> Problem requirements: Return the lines below exactly, from the first one through the line that has "(if f \<in> schwartz then". Leave out everything after it.

> Provided data:
(* Let $R$ be a ring (associative with identity) and let $F$ be a free right $R$-module isomorphic to the direct sum of $\alpha$ copies of $R$, where $\alpha\geq 2$ is a (finite or infinite) cardinal number. Then the endomorphism ring $\mathrm{End}_R(F)$ is 2-clean.
   Context: For a positive integer $n$, an element $a$ of a ring $S$ is called $n$-clean if $a=e+u_1+\cdots+u_n$ for some idempotent $e=e^2\in S$ and units $u_1,\dots,u_n$ of $S$; a ring is $n$-clean if each of its elements is $n$-clean. All rings are associative with identity and modules are unitary. *)

theory Defs
  imports "HOL-Algebra.Ring" "HOL-Algebra.FiniteProduct" "HOL-Library.FuncSet"
begin

definition n_clean_elem :: "nat \<Rightarrow> ('c, 'm) ring_scheme \<Rightarrow> 'c \<Rightarrow> bool" where
  "n_clean_elem n S a \<longleftrightarrow>
     (\<exists>e \<in> carrier S. e \<otimes>\<^bsub>S\<^esub> e = e \<and>
        (\<exists>u. (\<forall>k<n. u k \<in> Units S) \<and>
             a = e \<oplus>\<^bsub>S\<^esub> (\<Oplus>\<^bsub>S\<^esub>k\<in>{..<n}. u k)))"

definition n_clean_ring :: "nat \<Rightarrow> ('c, 'm) ring_scheme \<Rightarrow> bool" where
  "n_clean_ring n S \<longleftrightarrow> (\<forall>a \<in> carrier S. n_clean_elem n S a)"

text \<open>The free right R-module R^(I): finitely supported functions I -> R,
  with the index set given by the type 'i.\<close>

definition free_mod :: "('i \<Rightarrow> 'a::ring_1) set" where
  "free_mod = {x. finite {i. x i \<noteq> 0}}"
definition smooth_approx_van_Hove :: "(real \<Rightarrow> 'a::euclidean_space \<Rightarrow> real) \<Rightarrow> bool" where
  "smooth_approx_van_Hove h \<longleftrightarrow> (\<forall>R\<ge>1. smooth_fun (h R) \<and> compact (closure {x. h R x \<noteq> 0}) \<and>
     (\<forall>x. indicator (ball 0 R) x \<le> h R x \<and> h R x \<le> indicator (cball 0 (R + 1)) x))"

text \<open>The tempered distribution (1/vol B_R) (h mu) * (h mu)~ applied to f:
  with d mu = g d nu,  ((h mu) * (h mu)~)(f) = int int f(x - y) h(x) g(x) h(y) cnj(g y) dnu(x) dnu(y).\<close>
definition autocorr_approx ::
  "'a::euclidean_space measure \<Rightarrow> ('a \<Rightarrow> complex) \<Rightarrow> ('a \<Rightarrow> real) \<Rightarrow> real \<Rightarrow> ('a \<Rightarrow> complex) \<Rightarrow> complex" where
  "autocorr_approx \<nu> g hR R f =
     (if f \<in> schwartz then
        complex_of_real (1 / measure lborel (ball (0::'a) R)) *
        (\<integral>y. (\<integral>x. f (x - y) * complex_of_real (hR x) * g x
                       * complex_of_real (hR y) * cnj (g y) \<partial>\<nu>) \<partial>\<nu>)
      else 0)"

end

theory Submission
  imports Defs
begin

text \<open>A translation bounded measure gives mass \<open>O(r^d)\<close> to balls of radius \<open>r \<ge> 1\<close>, so
  \<open>\<integral> (1 + |x - y|)^-(d+1) d|\<mu>|(x)\<close> is bounded uniformly in \<open>y\<close>.  Testing
  \<open>(h_R \<mu>) * (h_R \<mu>)~\<close> against \<open>f\<close> with \<open>(1 + |z|)^(d+1) |f z| \<le> M\<close> therefore gives at most
  \<open>M C |\<mu>|(B_(R+1))\<close>, which is \<open>O(M vol B_R)\<close>.  Hence all normalised autocorrelations lie in the
  polar of a single ball of a Schwartz seminorm, and that polar is weak-* compact by Tychonoff's
  theorem (Banach--Alaoglu).\<close>

lemma smooth_fun_imp_borel_measurable:
  fixes h :: "'a::euclidean_space \<Rightarrow> 'b::euclidean_space"
  assumes "smooth_fun h"
  shows "h \<in> borel_measurable borel"
proof -
  have "h differentiable (at x)" for x
    using assms unfolding smooth_fun_def by (metis empty_set empty_subsetI pderivs.simps(1))
  then show ?thesis
    by (intro borel_measurable_continuous_onI continuous_at_imp_continuous_on ballI
        differentiable_imp_continuous_within)
qed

> Answer to this task:
(* Let $R$ be a ring (associative with identity) and let $F$ be a free right $R$-module isomorphic to the direct sum of $\alpha$ copies of $R$, where $\alpha\geq 2$ is a (finite or infinite) cardinal number. Then the endomorphism ring $\mathrm{End}_R(F)$ is 2-clean.
   Context: For a positive integer $n$, an element $a$ of a ring $S$ is called $n$-clean if $a=e+u_1+\cdots+u_n$ for some idempotent $e=e^2\in S$ and units $u_1,\dots,u_n$ of $S$; a ring is $n$-clean if each of its elements is $n$-clean. All rings are associative with identity and modules are unitary. *)

theory Defs
  imports "HOL-Algebra.Ring" "HOL-Algebra.FiniteProduct" "HOL-Library.FuncSet"
begin

definition n_clean_elem :: "nat \<Rightarrow> ('c, 'm) ring_scheme \<Rightarrow> 'c \<Rightarrow> bool" where
  "n_clean_elem n S a \<longleftrightarrow>
     (\<exists>e \<in> carrier S. e \<otimes>\<^bsub>S\<^esub> e = e \<and>
        (\<exists>u. (\<forall>k<n. u k \<in> Units S) \<and>
             a = e \<oplus>\<^bsub>S\<^esub> (\<Oplus>\<^bsub>S\<^esub>k\<in>{..<n}. u k)))"

definition n_clean_ring :: "nat \<Rightarrow> ('c, 'm) ring_scheme \<Rightarrow> bool" where
  "n_clean_ring n S \<longleftrightarrow> (\<forall>a \<in> carrier S. n_clean_elem n S a)"

text \<open>The free right R-module R^(I): finitely supported functions I -> R,
  with the index set given by the type 'i.\<close>

definition free_mod :: "('i \<Rightarrow> 'a::ring_1) set" where
  "free_mod = {x. finite {i. x i \<noteq> 0}}"
definition smooth_approx_van_Hove :: "(real \<Rightarrow> 'a::euclidean_space \<Rightarrow> real) \<Rightarrow> bool" where
  "smooth_approx_van_Hove h \<longleftrightarrow> (\<forall>R\<ge>1. smooth_fun (h R) \<and> compact (closure {x. h R x \<noteq> 0}) \<and>
     (\<forall>x. indicator (ball 0 R) x \<le> h R x \<and> h R x \<le> indicator (cball 0 (R + 1)) x))"

text \<open>The tempered distribution (1/vol B_R) (h mu) * (h mu)~ applied to f:
  with d mu = g d nu,  ((h mu) * (h mu)~)(f) = int int f(x - y) h(x) g(x) h(y) cnj(g y) dnu(x) dnu(y).\<close>
definition autocorr_approx ::
  "'a::euclidean_space measure \<Rightarrow> ('a \<Rightarrow> complex) \<Rightarrow> ('a \<Rightarrow> real) \<Rightarrow> real \<Rightarrow> ('a \<Rightarrow> complex) \<Rightarrow> complex" where
  "autocorr_approx \<nu> g hR R f =
     (if f \<in> schwartz then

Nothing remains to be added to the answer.